(THE INPUT):

lemma orthonormal_independent:
  assumes "orthonormal x k"
  shows "cv.independent (x ` {..<k})"
  unfolding cv.dependent_explicit
proof
  assume "\<exists>T u. finite T \<and> T \<subseteq> x ` {..<k} \<and> (\<Sum>v\<in>T. u v *\<^sub>C v) = 0 \<and> (\<exists>v\<in>T. u v \<noteq> 0)"
  then obtain T u v0
    where T: "finite T" "T \<subseteq> x ` {..<k}" "(\<Sum>v\<in>T. u v *\<^sub>C v) = 0" "v0 \<in> T" "u v0 \<noteq> 0"
    by blast
  have "0 = cinner v0 (\<Sum>v\<in>T. u v *\<^sub>C v)" using T(3) by simp
  also have "\<dots> = (\<Sum>v\<in>T. if v = v0 then u v else 0)"
    unfolding cinner_sum_right cinner_scaleC_right
    by (intro sum.cong)
      (auto simp: cinner_orthonormal_image[OF assms subsetD[OF T(2) T(4)] subsetD[OF T(2)]])
  also have "\<dots> = u v0" using T by (simp add: sum.delta')
  finally show False using T(5) by simp
qed

lemma range_orthonormal_proj:
  assumes "orthonormal x k"
  shows "range (orthonormal_proj x k) = cv.span (x ` {..<k})"
proof
  show "range (orthonormal_proj x k) \<subseteq> cv.span (x ` {..<k})"
    unfolding orthonormal_proj_def
    by (auto intro!: cv.span_sum cv.span_scale intro: cv.span_base)
  show "cv.span (x ` {..<k}) \<subseteq> range (orthonormal_proj x k)"
    by (rule cv.span_minimal)
      (auto intro!: subspace_range_clinear clinear_orthonormal_proj
        orthonormal_proj_fixes[OF assms, symmetric])
qed

lemma has_rank_orthonormal_proj:
  assumes "orthonormal x k"
  shows "has_rank (orthonormal_proj x k) k"
  unfolding has_rank_def cspan_eq_span cindependent_eq_independent
  using range_orthonormal_proj[OF assms] orthonormal_independent[OF assms]
    card_image[OF orthonormal_inj_on[OF assms]]
  by (intro exI[of _ "x ` {..<k}"]) simp

lemma joint_rank_k_numrange_orthonormalI:
  fixes A :: "'i::finite \<Rightarrow> 'a::complex_inner \<Rightarrow> 'a"
  assumes lin: "\<And>j. clinear (A j)" and x: "orthonormal x k"
    and compr: "\<And>j i l. i < k \<Longrightarrow> l < k \<Longrightarrow>
       cinner (x i) (A j (x l)) = (if i = l then complex_of_real (a $ j) else 0)"
  shows "a \<in> joint_rank_k_numrange A k"
proof -
  let ?P = "orthonormal_proj x k"
  have "?P (A j (?P y)) = complex_of_real (a $ j) *\<^sub>C ?P y" for j y
  proof -
    have "cinner (x i) (A j (?P y)) = complex_of_real (a $ j) * cinner (x i) y" if "i < k" for i
    proof -
      have "cinner (x i) (A j (?P y)) = (\<Sum>l<k. cinner (x l) y * cinner (x i) (A j (x l)))"
        unfolding orthonormal_proj_def clinear_sum[OF lin] clinear_scaleC[OF lin]
          cinner_sum_right cinner_scaleC_right ..
      also have "\<dots> = (\<Sum>l<k. if l = i then complex_of_real (a $ j) * cinner (x i) y else 0)"
        using compr that by (intro sum.cong) auto
      finally show ?thesis using that by (simp add: sum.delta')
    qed
    then show ?thesis
      unfolding orthonormal_proj_def[of x k "A j _"]
      by (simp add: orthonormal_proj_def cv.scale_sum_right scaleC_scaleC)
  qed
  then show ?thesis
    unfolding joint_rank_k_numrange_def
    using orth_projection_orthonormal_proj[OF x] has_rank_orthonormal_proj[OF x] by fastforce
qed

lemma joint_rank_k_numrange_compressionE:
  fixes A :: "'i::finite \<Rightarrow> 'a::complex_inner \<Rightarrow> 'a"
  assumes "a \<in> joint_rank_k_numrange A n"
  obtains V B where "cv.subspace V" "B \<subseteq> V" "cv.independent B" "finite B" "card B = n"
    "\<And>v w j. v \<in> V \<Longrightarrow> w \<in> V \<Longrightarrow> cinner v (A j w) = complex_of_real (a $ j) * cinner v w"
proof -
  obtain P where P: "orth_projection P" "has_rank P n"
    "\<And>j. P \<circ> A j \<circ> P = (\<lambda>x. complex_of_real (a $ j) *\<^sub>C P x)"
    using assms unfolding joint_rank_k_numrange_def by blast
  have lin: "clinear P" and sa: "\<And>x y. cinner (P x) y = cinner x (P y)" and idem: "P \<circ> P = P"
    using P(1) unfolding orth_projection_def selfadjoint_def bounded_operator_def by auto
  obtain B where B: "finite B" "card B = n" "cindependent B" "cspan B = range P"
    using P(2) unfolding has_rank_def by blast
  have fixes_range: "P v = v" if "v \<in> range P" for v
    using that fun_cong[OF idem] by auto
  show ?thesis
  proof
    show "cv.subspace (range P)" by (rule subspace_range_clinear[OF lin])
    show "B \<subseteq> range P" using B(4) cv.span_superset[of B] by (simp add: cspan_eq_span)
    show "cv.independent B" using B(3) by (simp add: cindependent_eq_independent)
    show "finite B" "card B = n" using B by auto
    fix v w j assume "v \<in> range P" "w \<in> range P"
    then have "cinner v (A j w) = cinner v (P (A j (P w)))"
      using fixes_range sa by metis
    then show "cinner v (A j w) = complex_of_real (a $ j) * cinner v w"
      using fun_cong[OF P(3)[of j], of w] fixes_range[OF \<open>w \<in> range P\<close>]
      by (simp add: cinner_scaleC_right)
  qed
qed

(WHAT YOU ARE ASKED TO DO):
Work out how many lines of the entries include the word "where", and respond with that number and nothing more.

(OUTPUT FOR THIS TASK):
4